# [WHAT IS NEEDED]
Using the entries below, write out the line with "(count_step ^^ n) p", the line with "(count_step p) <", and every line in between, exactly as each is written.

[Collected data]
------------------------------

(* Let $k=2$. For every word $x_0\in\Sigma_2^*$ with $x_0\neq 111$, the sequence $x_{n+1}=\mathcal P_2(x_n)$ is eventually constant equal to $1001110$, i.e. there is $N$ with $x_n=1001110$ for all $n\ge N$; and for $x_0=111$ the sequence is constant equal to $111$. In particular, the only fixed points of $\mathcal P_2$ are $111$ and $1001110$, and $\mathcal P_2$ has no cycles of length $p\ge 2$.
   Context: Fix an integer $k\ge 2$ and the alphabet $\Sigma_k=\{0,1,\dots,k-1\}$. A word is a finite nonempty string of letters of $\Sigma_k$ (leading zeros allowed); $\Sigma_k^*$ denotes the set of words. For a word $x$, $|x|$ denotes its length and $|x|_i$ the number of occurrences of the letter $i$ in $x$. For a positive integer $c$, $[c]_k$ denotes its standard base-$k$ representation without leading zeros, viewed as a word over $\Sigma_k$; it has $\lfloor\log_k c\rfloor+1$ letters. The map $\mathcal P_k:\Sigma_k^*\to\Sigma_k^*$ is defined as follows: if $b_1>b_2>\dots>b_r$ are exactly the letters occurring in $x$ (i.e. those with $|x|_{b_j}\neq 0$), then $\mathcal P_k(x)=[|x|_{b_1}]_k\,b_1\,[|x|_{b_2}]_k\,b_2\cdots[|x|_{b_r}]_k\,b_r$ (concatenation). For $k=2$, e.g. $\mathcal P_2(111)=111$ (three 1's, written $11$ in binary, followed by the letter $1$). A fixed point is a word $x$ with $\mathcal P_k(x)=x$; a cycle of length $p$ is a list of $p$ distinct words $\overline x_1,\dots,\overline x_p$ with $\mathcal P_k(\overline x_i)=\overline x_{i+1}$ for $i<p$ and $\mathcal P_k(\overline x_p)=\overline x_1$. *)

theory Defs
  imports Main
begin

definition is_word :: "nat \<Rightarrow> nat list \<Rightarrow> bool" where
  "is_word k x \<longleftrightarrow> x \<noteq> [] \<and> set x \<subseteq> {..<k}"

text \<open>Standard base-k representation (most significant digit first, no leading zeros
  for c > 0); only used for positive c and k >= 2.\<close>
function base_repr :: "nat \<Rightarrow> nat \<Rightarrow> nat list" where
  "base_repr k c = (if k < 2 \<or> c < k then [c] else base_repr k (c div k) @ [c mod k])"
  by pat_completeness auto
termination
  by (relation "measure snd") (auto intro: div_less_dividend)

definition P :: "nat \<Rightarrow> nat list \<Rightarrow> nat list" where
  "P k x = concat (map (\<lambda>b. base_repr k (count_list x b) @ [b])
                       (filter (\<lambda>b. b \<in> set x) (rev [0..<k])))"

lemma "P 2 [1,1,1] = [1,1,1]" "P 2 [1,0,0,1,1,1,0] = [1,0,0,1,1,1,0]"
  by (simp_all add: P_def upt_rec)

end

theory Submission
  imports Defs
begin

text \<open>\<open>\<P>\<^sub>2 x\<close> depends only on the numbers \<open>(a, b)\<close> of ones and zeros in \<open>x\<close>, so
  the dynamics factor through a map on pairs of naturals. Binary representations are
  logarithmically short, so this map strictly decreases \<open>a + b\<close> as long as \<open>a + b > 10\<close>;
  a finite computation shows that every pair with \<open>a + b \<le> 10\<close> except \<open>(0, 0)\<close> (no word)
  and \<open>(3, 0)\<close> (the word \<open>111\<close>) reaches the fixed pair \<open>(4, 3)\<close> of \<open>1001110\<close> within
  8 steps. Hence every orbit is eventually constant, which rules out cycles.\<close>

lemma base_repr_2: "base_repr 2 c = (if c < 2 then [c] else base_repr 2 (c div 2) @ [c mod 2])"
  by (subst base_repr.simps) simp

declare base_repr.simps [simp del] \<comment> \<open>it loops on symbolic arguments\<close>

lemma set_base_repr:
  assumes "2 \<le> k"
  shows "set (base_repr k c) \<subseteq> {..<k}"
proof (induction c rule: less_induct)
  case (less c)
  show ?case
  proof (cases "c < k")
    case True
    then show ?thesis by (subst base_repr.simps) auto
  next
    case False
    then have "set (base_repr k (c div k)) \<subseteq> {..<k}"
      using assms less.IH[of "c div k"] by simp
    then show ?thesis using False assms by (subst base_repr.simps) auto
  qed
qed

lemma less_power_length_base_repr:
  assumes "2 \<le> k"
  shows "c < k ^ length (base_repr k c)"
proof (induction c rule: less_induct)
  case (less c)
  show ?case
  proof (cases "c < k")
    case True
    then show ?thesis by (subst base_repr.simps) auto
  next
    case False
    then have "c div k < k ^ length (base_repr k (c div k))"
      using assms less.IH[of "c div k"] by simp
    then have "c < k * k ^ length (base_repr k (c div k))"
      using assms by (simp add: div_less_iff_less_mult mult.commute)
    then show ?thesis using False assms by (subst base_repr.simps) simp
  qed
qed

lemma length_base_repr_le:
  assumes "2 \<le> k" "0 < c"
  shows "length (base_repr k c) \<le> (c + 3) div 2"
  using assms(2)
proof (induction c rule: less_induct)
  case (less c)
  show ?case
  proof (cases "c < k")
    case True
    then show ?thesis using less.prems by (subst base_repr.simps) auto
  next
    case False
    have "length (base_repr k c) = Suc (length (base_repr k (c div k)))"
      using False assms(1) by (subst base_repr.simps) simp
    moreover have "length (base_repr k (c div k)) < (c + 3) div 2"
    proof (cases "c div k < 2")
      case True
      then have "c div k < k" using assms(1) by linarith
      then have "length (base_repr k (c div k)) = 1" by (subst base_repr.simps) simp
      then show ?thesis using False assms(1) by arith
    next
      case False
      have "k * (c div k) \<le> c" by (rule times_div_less_eq_dividend)
      then have "2 * (c div k) \<le> c" using assms(1) by (meson le_trans mult_le_mono1)
      moreover have "length (base_repr k (c div k)) \<le> (c div k + 3) div 2"
        using False assms(1) less.IH[of "c div k"] less.prems by (simp add: div_less_dividend)
      ultimately show ?thesis using False by arith
    qed
    ultimately show ?thesis by arith
  qed
qed

fun word_of_counts :: "nat \<times> nat \<Rightarrow> nat list" where
  "word_of_counts (a, b) =
     (if a = 0 then [] else base_repr 2 a @ [1]) @ (if b = 0 then [] else base_repr 2 b @ [0])"

definition letter_counts :: "nat list \<Rightarrow> nat \<times> nat" where
  "letter_counts x = (count_list x 1, count_list x 0)"

definition count_step :: "nat \<times> nat \<Rightarrow> nat \<times> nat" where
  "count_step = letter_counts \<circ> word_of_counts"

lemma P2_eq_word_of_counts: "P 2 x = word_of_counts (letter_counts x)"
proof -
  have "b \<in> set x \<longleftrightarrow> 0 < count_list x b" for b
    using count_list_0_iff[of x b] by auto
  moreover have "rev [0..<2] = [1::nat, 0]" by (simp add: upt_rec)
  ultimately show ?thesis by (simp add: P_def letter_counts_def)
qed

lemma funpow_P2:
  "(P 2 ^^ Suc n) x = word_of_counts ((count_step ^^ n) (letter_counts x))"
proof (induction n)
  case 0
  show ?case by (simp add: P2_eq_word_of_counts)
next
  case (Suc n)
  then show ?case by (simp add: P2_eq_word_of_counts count_step_def)
qed

lemma count_list_1_plus_0:
  "set x \<subseteq> {0, 1} \<Longrightarrow> count_list x 1 + count_list x (0::nat) = length x"
  by (induction x) auto

lemma set_word_of_counts: "set (word_of_counts p) \<subseteq> {0, 1}"
proof -
  have "set (base_repr 2 c) \<subseteq> {0, 1}" for c
    using set_base_repr[of 2 c] by auto
  then show ?thesis by (cases p) auto
qed

lemma count_step_sum: "fst (count_step p) + snd (count_step p) = length (word_of_counts p)"
  using count_list_1_plus_0[OF set_word_of_counts]
  by (simp add: count_step_def letter_counts_def)

lemma length_word_of_counts_less:
  assumes "10 < a + b"
  shows "length (word_of_counts (a, b)) < a + b"
proof -
  have "0 < a \<Longrightarrow> length (base_repr 2 a) \<le> (a + 3) div 2"
    and "0 < b \<Longrightarrow> length (base_repr 2 b) \<le> (b + 3) div 2"
    by (simp_all add: length_base_repr_le)
  then show ?thesis using assms by auto
qed

lemma count_step_eq_0_0_iff: "count_step p = (0, 0) \<longleftrightarrow> p = (0, 0)"
proof -
  have "count_step p = (0, 0) \<longleftrightarrow> word_of_counts p = []"
    using count_step_sum[of p] by (auto simp: count_step_def letter_counts_def)
  also have "\<dots> \<longleftrightarrow> p = (0, 0)"
    by (cases p) (auto simp: base_repr_2)
  finally show ?thesis .
qed

lemma count_step_eq_3_0_iff: "count_step p = (3, 0) \<longleftrightarrow> p = (3, 0)"
proof
  assume step: "count_step p = (3, 0)"
  obtain a b where p: "p = (a, b)" by fastforce
  have "0 \<notin> set (word_of_counts p)"
    using step by (simp add: count_step_def letter_counts_def count_list_0_iff)
  then have "b = 0" by (auto simp: p split: if_splits)
  have "a \<noteq> 0" using step count_step_eq_0_0_iff[of p] p \<open>b = 0\<close> by auto
  have digits: "0 \<notin> set (base_repr 2 a)"
    using \<open>0 \<notin> set (word_of_counts p)\<close> \<open>a \<noteq> 0\<close> p by simp
  have "length (word_of_counts p) = 3" using step count_step_sum[of p] by simp
  then have "length (base_repr 2 a) = 2" using \<open>a \<noteq> 0\<close> \<open>b = 0\<close> p by simp
  moreover have "a < 2 ^ length (base_repr 2 a)" by (rule less_power_length_base_repr) simp
  ultimately have "a = 2 \<or> a = 3" using \<open>a \<noteq> 0\<close> by (auto simp: base_repr_2 split: if_splits)
  then show "p = (3, 0)" using digits p \<open>b = 0\<close> by (auto simp: base_repr_2)
qed (simp add: count_step_def letter_counts_def base_repr_2)

lemma count_step_4_3: "count_step (4, 3) = (4, 3)"
  by (simp add: count_step_def letter_counts_def base_repr_2)

lemma funpow_8: "(f ^^ 8) x = f (f (f (f (f (f (f (f x)))))))"
  by (simp add: numeral_eq_Suc)

lemma small_counts_reach_4_3:
  assumes "a + b \<le> 10" "(a, b) \<notin> {(0, 0), (3, 0)}"
  shows "(count_step ^^ 8) (a, b) = (4, 3)"
proof -
  have "a = 0 \<or> a = 1 \<or> a = 2 \<or> a = 3 \<or> a = 4 \<or> a = 5 \<or> a = 6 \<or> a = 7 \<or> a = 8 \<or> a = 9 \<or> a = 10"
    using assms(1) by arith
  moreover have "b = 0 \<or> b = 1 \<or> b = 2 \<or> b = 3 \<or> b = 4 \<or> b = 5 \<or> b = 6 \<or> b = 7 \<or> b = 8 \<or> b = 9 \<or> b = 10"
    using assms(1) by arith
  ultimately show ?thesis using assms
    by (elim disjE) (simp_all add: funpow_8 count_step_def letter_counts_def base_repr_2)
qed

lemma funpow_fixed_point: "f x = x \<Longrightarrow> (f ^^ n) x = x"
  by (induction n) simp_all

lemma count_step_reaches_4_3:
  assumes "p \<notin> {(0, 0), (3, 0)}"
  shows "\<exists>n. (count_step ^^ n) p = (4, 3)"
  using assms
proof (induction "fst p + snd p" arbitrary: p rule: less_induct)
  case less
  obtain a b where p: "p = (a, b)" by fastforce
  show ?case
  proof (cases "a + b \<le> 10")
    case True
    then show ?thesis using small_counts_reach_4_3 less.prems p by blast
  next
    case False
    have "fst (count_step p) + snd (count_step p) < fst p + snd p"
      using count_step_sum[of p] length_word_of_counts_less[of a b] False p by simp
    moreover have "count_step p \<notin> {(0, 0), (3, 0)}"
      using less.prems count_step_eq_0_0_iff count_step_eq_3_0_iff by auto
    ultimately obtain n where "(count_step ^^ n) (count_step p) = (4, 3)"
      using less.hyps by blast
    then have "(count_step ^^ Suc n) p = (4, 3)" by (simp add: funpow_swap1)
    then show ?thesis by blast
  qed
qed

lemma P2_111: "P 2 [1, 1, 1] = [1, 1, 1]"
  by (simp add: P_def upt_rec base_repr_2)

lemma P2_1001110: "P 2 [1, 0, 0, 1, 1, 1, 0] = [1, 0, 0, 1, 1, 1, 0]"
  by (simp add: P_def upt_rec base_repr_2)

lemma letter_counts_eq_3_0:
  assumes "is_word 2 x" "letter_counts x = (3, 0)"
  shows "x = [1, 1, 1]"
proof -
  have "set x \<subseteq> {0, 1}" using assms(1) by (auto simp: is_word_def)
  moreover have "0 \<notin> set x" using assms(2) by (simp add: letter_counts_def count_list_0_iff)
  ultimately have "\<And>y. y \<in> set x \<Longrightarrow> y = 1" by auto
  moreover have "length x = 3"
    using count_list_1_plus_0[OF \<open>set x \<subseteq> {0, 1}\<close>] assms(2) by (simp add: letter_counts_def)
  ultimately have "x = replicate 3 1" by (simp add: replicate_eqI)
  then show ?thesis by (simp add: numeral_3_eq_3)
qed

lemma P2_converges:
  assumes "is_word 2 x" "x \<noteq> [1, 1, 1]"
  shows "\<exists>N. \<forall>n\<ge>N. (P 2 ^^ n) x = [1, 0, 0, 1, 1, 1, 0]"
proof -
  have "set x \<subseteq> {0, 1}" "x \<noteq> []" using assms(1) by (auto simp: is_word_def)
  then have "letter_counts x \<noteq> (0, 0)"
    using count_list_1_plus_0[of x] by (auto simp: letter_counts_def)
  moreover have "letter_counts x \<noteq> (3, 0)" using assms letter_counts_eq_3_0 by blast
  ultimately obtain N where N: "(count_step ^^ N) (letter_counts x) = (4, 3)"
    using count_step_reaches_4_3 by blast
  have "(P 2 ^^ n) x = [1, 0, 0, 1, 1, 1, 0]" if "Suc N \<le> n" for n
  proof -
    define m where "m = n - Suc N"
    have "(count_step ^^ (m + N)) (letter_counts x) = (4, 3)"
      using N by (simp add: funpow_add funpow_fixed_point count_step_4_3)
    moreover have "n = Suc (m + N)" using that by (simp add: m_def)
    ultimately show ?thesis by (simp only: funpow_P2) (simp add: base_repr_2)
  qed
  then show ?thesis by blast
qed

lemma P2_eventually_constant:
  assumes "is_word 2 x"
  shows "\<exists>N c. \<forall>n\<ge>N. (P 2 ^^ n) x = c"
  using P2_converges[OF assms] funpow_fixed_point[of "P 2", OF P2_111] by blast

lemma funpow_cycle_not_eventually_constant:
  assumes "2 \<le> length xs" "distinct xs"
    and cycle: "\<forall>i<length xs. f (xs ! i) = xs ! ((i + 1) mod length xs)"
  shows "\<not> (\<exists>N c. \<forall>n\<ge>N. (f ^^ n) (xs ! 0) = c)"
proof
  assume "\<exists>N c. \<forall>n\<ge>N. (f ^^ n) (xs ! 0) = c"
  then obtain N c where const: "\<And>n. N \<le> n \<Longrightarrow> (f ^^ n) (xs ! 0) = c" by blast
  let ?p = "length xs"
  have "0 < ?p" using assms(1) by linarith
  have orbit: "(f ^^ j) (xs ! 0) = xs ! (j mod ?p)" for j
  proof (induction j)
    case (Suc j)
    have "j mod ?p < ?p" using \<open>0 < ?p\<close> by simp
    then show ?case using Suc cycle by (simp add: mod_Suc_eq)
  qed (use assms(1) in simp)
  have "N \<le> N * ?p" using \<open>0 < ?p\<close> by (simp add: Suc_leI)
  then have "xs ! (N * ?p mod ?p) = c" and "xs ! (Suc (N * ?p) mod ?p) = c"
    using const orbit by (metis le_SucI)+
  moreover have "Suc (N * ?p) mod ?p = 1" using assms(1) by (simp add: mod_Suc)
  ultimately have "xs ! 0 = xs ! 1" by simp
  then show False using assms(1,2) \<open>0 < ?p\<close> nth_eq_iff_index_eq[of xs 0 1] by simp
qed

theorem corollary1:
  shows "(\<forall>x0. is_word 2 x0 \<and> x0 \<noteq> [1,1,1] \<longrightarrow>
            (\<exists>N. \<forall>n\<ge>N. (P 2 ^^ n) x0 = [1,0,0,1,1,1,0]))
       \<and> (\<forall>n. (P 2 ^^ n) [1,1,1] = [1,1,1])
       \<and> {x. is_word 2 x \<and> P 2 x = x} = {[1,1,1], [1,0,0,1,1,1,0]}
       \<and> (\<forall>p xs. p \<ge> 2 \<longrightarrow> length xs = p \<longrightarrow> distinct xs \<longrightarrow> (\<forall>x\<in>set xs. is_word 2 x) \<longrightarrow>
            \<not> (\<forall>i<p. P 2 (xs ! i) = xs ! ((i + 1) mod p)))"
proof (intro conjI allI impI)
  show "\<exists>N. \<forall>n\<ge>N. (P 2 ^^ n) x0 = [1,0,0,1,1,1,0]" if "is_word 2 x0 \<and> x0 \<noteq> [1,1,1]" for x0
    using P2_converges that by blast
  show "(P 2 ^^ n) [1,1,1] = [1,1,1]" for n
    using P2_111 by (rule funpow_fixed_point)
  have "x = [1,0,0,1,1,1,0]" if "is_word 2 x" "P 2 x = x" "x \<noteq> [1,1,1]" for x
    using P2_converges[OF that(1,3)] funpow_fixed_point[of "P 2", OF that(2)] by (metis le_refl)
  then show "{x. is_word 2 x \<and> P 2 x = x} = {[1,1,1], [1,0,0,1,1,1,0]}"
    using P2_111 P2_1001110 by (auto simp: is_word_def)
  fix p :: nat and xs :: "nat list list"
  assume "2 \<le> p" "length xs = p" "distinct xs" "\<forall>x\<in>set xs. is_word 2 x"
  then show "\<not> (\<forall>i<p. P 2 (xs ! i) = xs ! ((i + 1) mod p))"
    using funpow_cycle_not_eventually_constant[of xs "P 2"] P2_eventually_constant[of "xs ! 0"]
    by auto
qed

end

------------------------------

# [TASK RESULT]
  shows "\<exists>n. (count_step ^^ n) p = (4, 3)"
  using assms
proof (induction "fst p + snd p" arbitrary: p rule: less_induct)
  case less
  obtain a b where p: "p = (a, b)" by fastforce
  show ?case
  proof (cases "a + b \<le> 10")
    case True
    then show ?thesis using small_counts_reach_4_3 less.prems p by blast
  next
    case False
    have "fst (count_step p) + snd (count_step p) < fst p + snd p"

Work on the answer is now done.